Teachers do what no other professionally trained college graduate will do today: TEACH, yet even when our ranks are dwindling and our hopes for semi-autonomy seem far, far, away...maybe even in another galaxy, states like California are committing unspeakable acts that further undermine teacher confidence in the public system.

What are these unspeakable acts? The continuing destruction of the California Public School System. Watching from another state, this story of California teachers seems like a Greek Tragedy, water torture or death by pinprick, but now it seems that so many multiple pinpricks have created gashes in the California educational
system.

Teachers are being ripped from their students, and students are being displaced, all in an effort to squeeze ten percent cuts from the already distressed public school system.

What can we do to help California teachers survive this unnatural disaster? We can connect with our social networks, and lend our support to our colleagues in California. We can find organizations that will help us support teachers in some way that will work for the California teachers.

I would like to ask these important questions, as a starting place for discourse about this crisis in California Public Schools:
Can the teachers being laid off depend on their peers who aren't being laid off?
Can they depend on their unions?

From a distance, it doesn't seem that they can. This is a sad time in our public life as many teachers think they only are looking out for themselves. In my experience, as a teacher, this tactic is not reliable in the long run. When they ignore injustice in their ranks, it really makes the bystander teachers more vulnerable, because the governmental agents learn that no one will complain if more children, teachers and communities are mistreated.

3 comments:

stoneTeacher said...

Exactly so. These appalling circumstances are why I joined a union: to work together with other teachers, and stop teachers' conditions being eroded.

samccoy said...

Thanks!

Unfortunately, here in the United States of America, the so-called Free Market and Libertarian Conservatives have convinced many teachers that they will be stronger on their own, as individuals. Then the social conservatives have convinced their teacher followers that they should not support NEA(National Education Association) or AFT(American Federation of Teachers) because of their stand on topics like a woman's personal right to privacy.

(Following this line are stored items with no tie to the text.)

(* Let $\boldsymbol{f}\in\mathbb{R}^E$ satisfy $\boldsymbol{u}^-_e<\boldsymbol{f}_e<\boldsymbol{u}^+_e$ for all $e$ and $\boldsymbol{c}^\top\boldsymbol{f}>F^*$. Let $\tilde{\boldsymbol{g}}\in\mathbb{R}^E$ satisfy $\|\mathbf{L}(\boldsymbol{f})^{-1}(\tilde{\boldsymbol{g}}-\boldsymbol{g}(\boldsymbol{f}))\|_\infty\le\kappa/8$ for some $\kappa\in(0,1)$, and $\tilde{\boldsymbol{\ell}}\in\mathbb{R}^E_{>0}$ satisfy $\tilde{\boldsymbol{\ell}}\approx_2\boldsymbol{\ell}(\boldsymbol{f})$. Let $\boldsymbol{\Delta}$ satisfy $\mathbf{B}^\top\boldsymbol{\Delta}=0$ and $\tilde{\boldsymbol{g}}^\top\boldsymbol{\Delta}/\|\tilde{\mathbf{L}}\boldsymbol{\Delta}\|_1\le-\kappa$, and let $\eta$ satisfy $\eta\,\tilde{\boldsymbol{g}}^\top\boldsymbol{\Delta}=-\kappa^2/50$. Then $\Phi(\boldsymbol{f}+\eta\boldsymbol{\Delta})\le\Phi(\boldsymbol{f})-\kappa^2/500$.
   Context: Setting: $G=(V,E)$ is a directed graph with $m=|E|$ edges and edge-vertex incidence matrix $\mathbf{B}$ (row of edge $(a,b)$ has $+1$ at $a$, $-1$ at $b$); demands $\boldsymbol{d}\in\mathbb{Z}^V$, lower/upper capacities $\boldsymbol{u}^-,\boldsymbol{u}^+\in\mathbb{Z}^E$, and costs $\boldsymbol{c}\in\mathbb{Z}^E$ are integers bounded in absolute value by $U$. $F^*=\min\{\boldsymbol{c}^\top\boldsymbol{f}:\mathbf{B}^\top\boldsymbol{f}=\boldsymbol{d},\ \boldsymbol{u}^-\le\boldsymbol{f}\le\boldsymbol{u}^+\}$. Let $\alpha=1/(1000\log(mU))$ and $\Phi(\boldsymbol{f})=20m\log(\boldsymbol{c}^\top\boldsymbol{f}-F^* )+\sum_{e\in E}\big((\boldsymbol{u}^+_e-\boldsymbol{f}_e)^{-\alpha}+(\boldsymbol{f}_e-\boldsymbol{u}^-_e)^{-\alpha}\big)$. Lengths: $\boldsymbol{\ell}(\boldsymbol{f})_e=(\boldsymbol{u}^+_e-\boldsymbol{f}_e)^{-1-\alpha}+(\boldsymbol{f}_e-\boldsymbol{u}^-_e)^{-1-\alpha}$; gradients $\boldsymbol{g}(\boldsymbol{f})=\nabla\Phi(\boldsymbol{f})$, i.e. $\boldsymbol{g}(\boldsymbol{f})_e=20m(\boldsymbol{c}^\top\boldsymbol{f}-F^* )^{-1}\boldsymbol{c}_e+\alpha(\boldsymbol{u}^+_e-\boldsymbol{f}_e)^{-1-\alpha}-\alpha(\boldsymbol{f}_e-\boldsymbol{u}^-_e)^{-1-\alpha}$. $\mathbf{L}(\boldsymbol{f})=\mathrm{diag}(\boldsymbol{\ell}(\boldsymbol{f}))$, $\tilde{\mathbf{L}}=\mathrm{diag}(\tilde{\boldsymbol{\ell}})$. For positive vectors, $\boldsymbol{x}\approx_\beta\boldsymbol{y}$ means $\beta^{-1}\boldsymbol{y}_i\le\boldsymbol{x}_i\le\beta\boldsymbol{y}_i$ for all $i$. *)

theory Defs
  imports "HOL-Analysis.Analysis"
begin
(* Let $\lambda\in\mathbb C$ and put $(\lambda_i,\beta_i)=\Phi^i(\lambda,0)$ for $i\ge 0$ (so $\lambda_0=\lambda$, $\beta_0=0$). Let $n\ge 0$ and suppose that the weights $(\lambda_0,\beta_0),\dots,(\lambda_n,\beta_n)$ are pairwise distinct, $\beta_i\neq 0$ for $1\le i\le n$, and $\beta_{n+1}=0$. Let $F_{\mathrm{hw}}(\lambda)$ be the $(n+1)$-dimensional $L$-module with basis $v_0,\dots,v_n$ and action $hv_i=\lambda_i v_i$ $(0\le i\le n)$; $dv_0=0$, $dv_i=\beta_i v_{i-1}$ $(1\le i\le n)$; $uv_n=0$, $uv_i=v_{i+1}$ $(0\le i\le n-1)$ (this is a simple $L$-module). Let $J_\lambda=\{f(h,ud)\in L_0: f\in\mathbb C[x,y],\ f(\lambda_i,\beta_i)=0 \text{ for } 0\le i\le n\}$. Then the annihilator of $F_{\mathrm{hw}}(\lambda)$ in $L$ is the two-sided ideal $\langle u^{n+1}, d^{n+1}, J_\lambda\rangle$.
   Context: Let $r,s,\gamma\in\mathbb C$ with $rs\neq 0$ and $\phi\in\mathbb C[x]$. The generalized down-up algebra $L=L(\phi,r,s,\gamma)$ is the associative $\mathbb C$-algebra generated by $u,d,h$ subject to $hu-ruh=\gamma u$, $dh-rhd=\gamma d$, $du-sud=\phi(h)$; it is a noetherian domain with $\mathbb C$-basis $\{u^ih^jd^k: i,j,k\ge 0\}$. $L$ is $\mathbb Z$-graded by $\deg u=1$, $\deg d=-1$, $\deg h=0$; $L_i$ denotes the degree-$i$ component, and $L_0$ is the polynomial algebra $\mathbb C[h,ud]$ in the commuting elements $h$ and $ud$. $\langle a_1,\dots,a_k\rangle$ denotes the two-sided ideal generated by the listed elements (or sets). The map $\Phi:\mathbb C^2\to\mathbb C^2$ is $\Phi(\lambda,\beta)=(r\lambda+\gamma,\ s\beta+\phi(\lambda))$. *)

theory Defs
  imports Complex_Main "HOL-Computational_Algebra.Polynomial"
begin

text \<open>The generalized down-up algebra L is presented as the free associative
algebra on three generators modulo the defining relations.  Elements of the
free algebra are finitely supported coefficient functions on words.\<close>

datatype gen = U | D | H

type_synonym fa = "gen list \<Rightarrow> complex"

definition fa_finite :: "fa \<Rightarrow> bool" where
  "fa_finite x \<longleftrightarrow> finite {w. x w \<noteq> 0}"

definition fa_zero :: fa where
  "fa_zero = (\<lambda>_. 0)"

definition fa_add :: "fa \<Rightarrow> fa \<Rightarrow> fa" where
  "fa_add x y = (\<lambda>w. x w + y w)"

definition fa_smult :: "complex \<Rightarrow> fa \<Rightarrow> fa" where
  "fa_smult c x = (\<lambda>w. c * x w)"

definition fa_mul :: "fa \<Rightarrow> fa \<Rightarrow> fa" where
  "fa_mul x y = (\<lambda>w. \<Sum>i\<le>length w. x (take i w) * y (drop i w))"

definition fa_word :: "gen list \<Rightarrow> fa" where
  "fa_word v = (\<lambda>w. if w = v then 1 else 0)"

definition fa_poly_h :: "complex poly \<Rightarrow> fa" where
  "fa_poly_h p = (\<lambda>w. if w = replicate (length w) H then coeff p (length w) else 0)"
lemma mpoly_eval_mpoly_var: "mpoly_eval mpoly_const p mpoly_var = (p :: 'a::comm_ring_1 mpoly)"
proof (induction p rule: poly_mapping_induct_add_single)
  case (add g a c)
  then have "mpoly_eval mpoly_const (g + Poly_Mapping.single a c) mpoly_var
               = g + mpoly_const c * Poly_Mapping.single a 1"
    by (simp add: mpoly_eval_add is_ring_hom_mpoly_const monom_eval_mpoly_var
                  mpoly_eval_single[of mpoly_const] is_ring_homD)
  also have "\<dots> = g + Poly_Mapping.single a c"
    by (simp add: mpoly_const_def mult_single)
  finally show ?case .
qed simp

section \<open>Weighted degrees and variables\<close>

definition monom_wdeg :: "(nat \<Rightarrow> nat) \<Rightarrow> (nat \<Rightarrow>\<^sub>0 nat) \<Rightarrow> nat" where
  "monom_wdeg w \<alpha> = (\<Sum>i\<in>Poly_Mapping.keys \<alpha>. w i * Poly_Mapping.lookup \<alpha> i)"

lemma weighted_deg_altdef: "weighted_deg w p = Max (insert 0 (monom_wdeg w ` Poly_Mapping.keys p))"
  by (simp add: weighted_deg_def monom_wdeg_def)

lemma monom_wdeg_le_weighted_deg: "\<alpha> \<in> Poly_Mapping.keys p \<Longrightarrow> monom_wdeg w \<alpha> \<le> weighted_deg w p"
  unfolding weighted_deg_altdef by (rule Max_ge) auto

lemma weighted_deg_leI:
  "(\<And>\<alpha>. \<alpha> \<in> Poly_Mapping.keys p \<Longrightarrow> monom_wdeg w \<alpha> \<le> B) \<Longrightarrow> weighted_deg w p \<le> B"
  unfolding weighted_deg_altdef by (subst Max_le_iff) auto

lemma monom_wdeg_superset:
  assumes "finite I" "Poly_Mapping.keys \<alpha> \<subseteq> I"
  shows "monom_wdeg w \<alpha> = (\<Sum>i\<in>I. w i * Poly_Mapping.lookup \<alpha> i)"
  unfolding monom_wdeg_def
  by (rule sum.mono_neutral_left) (use assms in \<open>auto simp: in_keys_iff\<close>)
(* For every $\nu\in\mathbb{C}$, there is no $E_0\in\mathbb{C}$ and no $M\in\mathbb{C}(z,E)$, regular at $E=E_0$, such that $$H(z,E):=M^2z^2+Mz-M'z^2-z^4+z^2E-4\nu^2+1=O((E-E_0)^3)\quad (E\to E_0).$$ Equivalently, in the factorization $H=w(E)P(z)/Q(z,E)$ with polynomials $w,P,Q$, the polynomial $w$ has no root of multiplicity $\ge 3$.
   Context: $'$ denotes $\partial/\partial z$. $H$ is the expression under the square root in the eigenfunction form $\psi=z^{3/2}\left(\frac{M}{2z}\mathcal{W}(E/4,\nu,z^2)+\mathcal{W}'(E/4,\nu,z^2)\right)/\sqrt{H}$, where $\mathcal W(\mu,\nu,z)$ solves $y''+\left(-\frac14+\frac{\mu}{z}+\frac{1/4-\nu^2}{z^2}\right)y=0$. *)

theory Defs
  imports "HOL-Computational_Algebra.Polynomial"
begin

(* Bivariate polynomials in C[z,E] are represented as nested polynomials:
   the OUTER variable is E, the coefficients are polynomials in z.
   An element of C(z,E) is a quotient A/B of two such polynomials. *)
type_synonym bipoly = "complex poly poly"

definition Zvar :: bipoly where "Zvar = [: [:0, 1:] :]"
definition Evar :: bipoly where "Evar = [:0, 1:]"
definition bconst :: "complex \<Rightarrow> bipoly" where "bconst c = [: [:c:] :]"

definition dz :: "bipoly \<Rightarrow> bipoly" where "dz p = map_poly pderiv p"

definition at_E :: "bipoly \<Rightarrow> complex \<Rightarrow> complex poly" where
  "at_E p E0 = poly p [:E0:]"

(* The rational function A/B is regular at E = E0 (denominator does not vanish
   identically on E = E0). *)
definition regular_at_E :: "bipoly \<Rightarrow> complex \<Rightarrow> bool" where
  "regular_at_E B E0 \<longleftrightarrow> at_E B E0 \<noteq> 0"

(* For M = A/B, with M' = (dz A * B - A * dz B)/B^2, one has
   H * B^2 = Hnum nu A B where
   H = M^2 z^2 + M z - M' z^2 - z^4 + z^2 E - 4 nu^2 + 1. *)
definition Hnum :: "complex \<Rightarrow> bipoly \<Rightarrow> bipoly \<Rightarrow> bipoly" where
  "Hnum \<nu> A B =
     A^2 * Zvar^2 + A * B * Zvar - (dz A * B - A * dz B) * Zvar^2
     + (- (Zvar^4) + Zvar^2 * Evar - bconst (4 * \<nu>^2) + 1) * B^2"

(* H = O((E-E0)^3) as E -> E0 in C(z,E): the rational function H/(E-E0)^3
   equals some C/D with D regular at E0, i.e. (cross-multiplying, since
   H = Hnum/B^2)  Hnum * D = (E-E0)^3 * C * B^2. *)
definition H_bigO3 :: "complex \<Rightarrow> bipoly \<Rightarrow> bipoly \<Rightarrow> complex \<Rightarrow> bool" where
  "H_bigO3 \<nu> A B E0 \<longleftrightarrow>
     (\<exists>C D. regular_at_E D E0 \<and>
        Hnum \<nu> A B * D = (Evar - bconst E0)^3 * C * B^2)"

end

theory Submission
  imports Defs "HOL-Computational_Algebra.Computational_Algebra"
begin

text \<open>Write \<open>M = A/B\<close> and expand in \<open>\<epsilon> = E - E0\<close>: \<open>M = m0 + m1 \<epsilon> + m2 \<epsilon>\<^sup>2 + \<dots>\<close> with
  \<open>m\<^sub>i \<in> \<complex>(z)\<close>. The vanishing of the coefficients of \<open>1, \<epsilon>, \<epsilon>\<^sup>2\<close> in \<open>H\<close> is the Riccati equation
  \<open>m0\<^sup>2 = m0' - m0/z + z\<^sup>2 - E0 + (4\<nu>\<^sup>2 - 1)/z\<^sup>2\<close> together with \<open>m1' = P m1 + 1\<close> and
  \<open>m2' = P m2 + m1\<^sup>2\<close>, where \<open>P = 2 m0 + 1/z\<close>.

  At a finite point the Riccati equation allows \<open>m0\<close> at most a simple pole. If \<open>m1\<close> had a
  nonzero residue, its order \<open>e < 0\<close> would equal \<open>res P\<close>, which forces \<open>m2\<close> to vanish to order
  \<open>> 2e\<close>; then \<open>(m2/m1)' = m1 - m2/m1\<^sup>2\<close> exhibits \<open>m1\<close> as a derivative plus a function without
  residue, a contradiction. So \<open>m1\<close> has no residues in the finite plane. At infinity, however,
  the Riccati equation forces \<open>m0 \<sim> \<plusminus>z\<close>, and then the equation for \<open>m1\<close> forces a nonzero
  \<open>1/z\<close> term, i.e. a nonzero residue at infinity. This contradicts the residue theorem for the
  rational function \<open>m1\<close>.

  Expansions at \<open>z = a\<close> and at \<open>z = \<infinity>\<close> are modelled by substituting \<open>X + a\<close> and \<open>1/X\<close> for \<open>z\<close>
  in formal Laurent series.\<close>

unbundle Formal_Laurent_Series.fps_syntax
unbundle Formal_Power_Series.fps_syntax

section \<open>Polynomials evaluated at Laurent series\<close>

locale coeff_ring_hom =
  fixes g :: "'a::comm_ring_1 \<Rightarrow> 'b::comm_ring_1"
  assumes hom_add: "g (x + y) = g x + g y"
    and hom_mult: "g (x * y) = g x * g y"
    and hom_one: "g 1 = 1"
begin

lemma hom_zero: "g 0 = 0"
  using hom_add[of 0 0] by simp

lemma hom_uminus: "g (- x) = - g x"
  using hom_add[of x "- x"] hom_zero by (metis add.right_inverse add.inverse_unique)

lemma map_poly_add: "map_poly g (p + q) = map_poly g p + map_poly g q"
  by (intro poly_eqI) (simp add: coeff_map_poly hom_zero hom_add)

lemma map_poly_uminus: "map_poly g (- p) = - map_poly g p"
  by (intro poly_eqI) (simp add: coeff_map_poly hom_zero hom_uminus)

lemma map_poly_diff: "map_poly g (p - q) = map_poly g p - map_poly g q"
  using map_poly_add[of p "- q"] by (simp add: map_poly_uminus)

lemma map_poly_mult: "map_poly g (p * q) = map_poly g p * map_poly g q"
proof (induction p)
  case (pCons a p)
  have "pCons a p * q = smult a q + pCons 0 (p * q)"
    by simp
  then show ?case
    using pCons.IH
    by (simp add: map_poly_add map_poly_smult map_poly_pCons hom_zero hom_mult)
qed simp

lemma map_poly_power: "map_poly g (p ^ n) = map_poly g p ^ n"
  by (induction n) (simp_all add: map_poly_mult hom_one)

end

interpretation fls_const: coeff_ring_hom "fls_const :: 'a::comm_ring_1 \<Rightarrow> 'a fls"
  by unfold_locales (simp_all add: fls_plus_const)

lemma fls_const_diff: "fls_const (a - b) = fls_const a - fls_const (b :: 'a::ab_group_add)"
  by (metis diff_conv_add_uminus fls_plus_const fls_const_uminus)

definition fls_eval :: "'a::comm_ring_1 fls \<Rightarrow> 'a poly \<Rightarrow> 'a fls" where
  "fls_eval Z p = poly (map_poly fls_const p) Z"

lemma fls_eval_simps [simp]:
  "fls_eval Z 0 = 0" "fls_eval Z 1 = 1" "fls_eval Z [:c:] = fls_const c"
  "fls_eval Z (pCons c p) = fls_const c + Z * fls_eval Z p"
  "fls_eval Z (p + q) = fls_eval Z p + fls_eval Z q"
  "fls_eval Z (p - q) = fls_eval Z p - fls_eval Z q"
  "fls_eval Z (- p) = - fls_eval Z p"
  "fls_eval Z (p * q) = fls_eval Z p * fls_eval Z q"
  "fls_eval Z (p ^ n) = fls_eval Z p ^ n"
  "fls_eval Z (smult c p) = fls_const c * fls_eval Z p"
  by (simp_all add: fls_eval_def map_poly_pCons fls_const.map_poly_add fls_const.map_poly_diff
      fls_const.map_poly_uminus fls_const.map_poly_mult fls_const.map_poly_power map_poly_smult)

definition fls_deriv_wrt :: "'a::field fls \<Rightarrow> 'a fls \<Rightarrow> 'a fls" where
  "fls_deriv_wrt Z f = fls_deriv f / fls_deriv Z"

lemma fls_deriv_wrt_simps [simp]:
  "fls_deriv_wrt Z (f + g) = fls_deriv_wrt Z f + fls_deriv_wrt Z g"
  "fls_deriv_wrt Z (f - g) = fls_deriv_wrt Z f - fls_deriv_wrt Z g"
  "fls_deriv_wrt Z (f * g) = fls_deriv_wrt Z f * g + f * fls_deriv_wrt Z g"
  "fls_deriv_wrt Z (fls_const c) = 0"
  "fls_deriv_wrt Z 0 = 0" "fls_deriv_wrt Z 1 = 0"
  by (simp_all add: fls_deriv_wrt_def add_divide_distrib diff_divide_distrib)

lemma fls_deriv_wrt_self: "fls_deriv Z \<noteq> 0 \<Longrightarrow> fls_deriv_wrt Z Z = 1"
  by (simp add: fls_deriv_wrt_def)

lemma fls_deriv_wrt_sum: "fls_deriv_wrt Z (sum f S) = (\<Sum>i\<in>S. fls_deriv_wrt Z (f i))"
  by (simp add: fls_deriv_wrt_def fls_deriv_sum sum_divide_distrib)

lemma fls_eval_pderiv:
  assumes "fls_deriv Z \<noteq> 0"
  shows "fls_eval Z (pderiv p) = fls_deriv_wrt Z (fls_eval Z p)"
  by (induction p) (simp_all add: pderiv_pCons fls_deriv_wrt_self[OF assms])

definition z_at :: "'a::comm_ring_1 \<Rightarrow> 'a fls" where
  "z_at a = fls_X + fls_const a"

lemma fls_deriv_wrt_z_at: "fls_deriv_wrt (z_at a) f = fls_deriv f"
  by (simp add: fls_deriv_wrt_def z_at_def)

lemma fls_deriv_wrt_X_inv:
  "fls_deriv_wrt (fls_X_inv :: 'a::field fls) f = - (fls_X^2 * fls_deriv f)"
proof -
  have "inverse (fls_X_inv^2 :: 'a fls) = fls_X^2"
    by (simp add: power_inverse[symmetric] fls_inverse_X_inv)
  then show ?thesis
    by (simp add: fls_deriv_wrt_def divide_inverse mult.commute)
qed

section \<open>Orders of Laurent series\<close>

definition fls_order_ge :: "'a::zero fls \<Rightarrow> int \<Rightarrow> bool" where
  "fls_order_ge f n \<longleftrightarrow> (\<forall>k<n. f $$ k = 0)"

lemma fls_order_ge_subdegree: "fls_order_ge f (fls_subdegree f)"
  by (simp add: fls_order_ge_def)

lemma fls_order_ge_mono: "fls_order_ge f n \<Longrightarrow> m \<le> n \<Longrightarrow> fls_order_ge f m"
  by (auto simp: fls_order_ge_def)

lemma fls_order_geD: "fls_order_ge f n \<Longrightarrow> k < n \<Longrightarrow> f $$ k = 0"
  by (auto simp: fls_order_ge_def)

lemma fls_order_ge_Suc: "fls_order_ge f n \<Longrightarrow> f $$ n = 0 \<Longrightarrow> fls_order_ge f (n + 1)"
  unfolding fls_order_ge_def by (metis zless_add1_eq)

lemma fls_order_ge_le_subdegree: "fls_order_ge f n \<Longrightarrow> f \<noteq> 0 \<Longrightarrow> n \<le> fls_subdegree f"
  by (auto simp: fls_order_ge_def intro: fls_subdegree_geI)

lemma fls_order_ge_subdegree_eq:
  "fls_order_ge f n \<Longrightarrow> f $$ n \<noteq> 0 \<Longrightarrow> fls_subdegree f = n"
  by (auto simp: fls_order_ge_def intro!: fls_subdegree_eqI)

Also, in my opinion, the school administrators forget they were teachers first, and they were to lead their fellow teachers. During the last decades of the 20th century, they began to form their own groups, like the ASCD (Association for Supervision and Curriculum Development).

It seems to me, neither group, teachers nor administrators, has yet to figure out they are being divided for someone else's benefit! It certainly doesn't seem to be helping our educational system for our children, teachers and communities.

I hope, we will begin to see a turnaround in union memberships over the next few years. Possibly, a new type of group will form to help teachers, students, administrators, communities and other interested stakeholders.

In the meantime, the unions themselves don't seem to be able to put up much of a defense. It is sad.

When I first began teaching, a monthly, local meeting of the National Education Association could fill a large basketball gymnasium...usually hundreds of people...in a rural county school district...it had to be 80% or more of the entire teaching staff.

I was always amazed and proud to be a part of an important movement in education.

On a limb with Claudia said...

It's such a tough time. Teachers get so little support and schools get so little funding. It's not hard to see why so many kids drop out.

Something has to change - if even our attitude toward education. But how?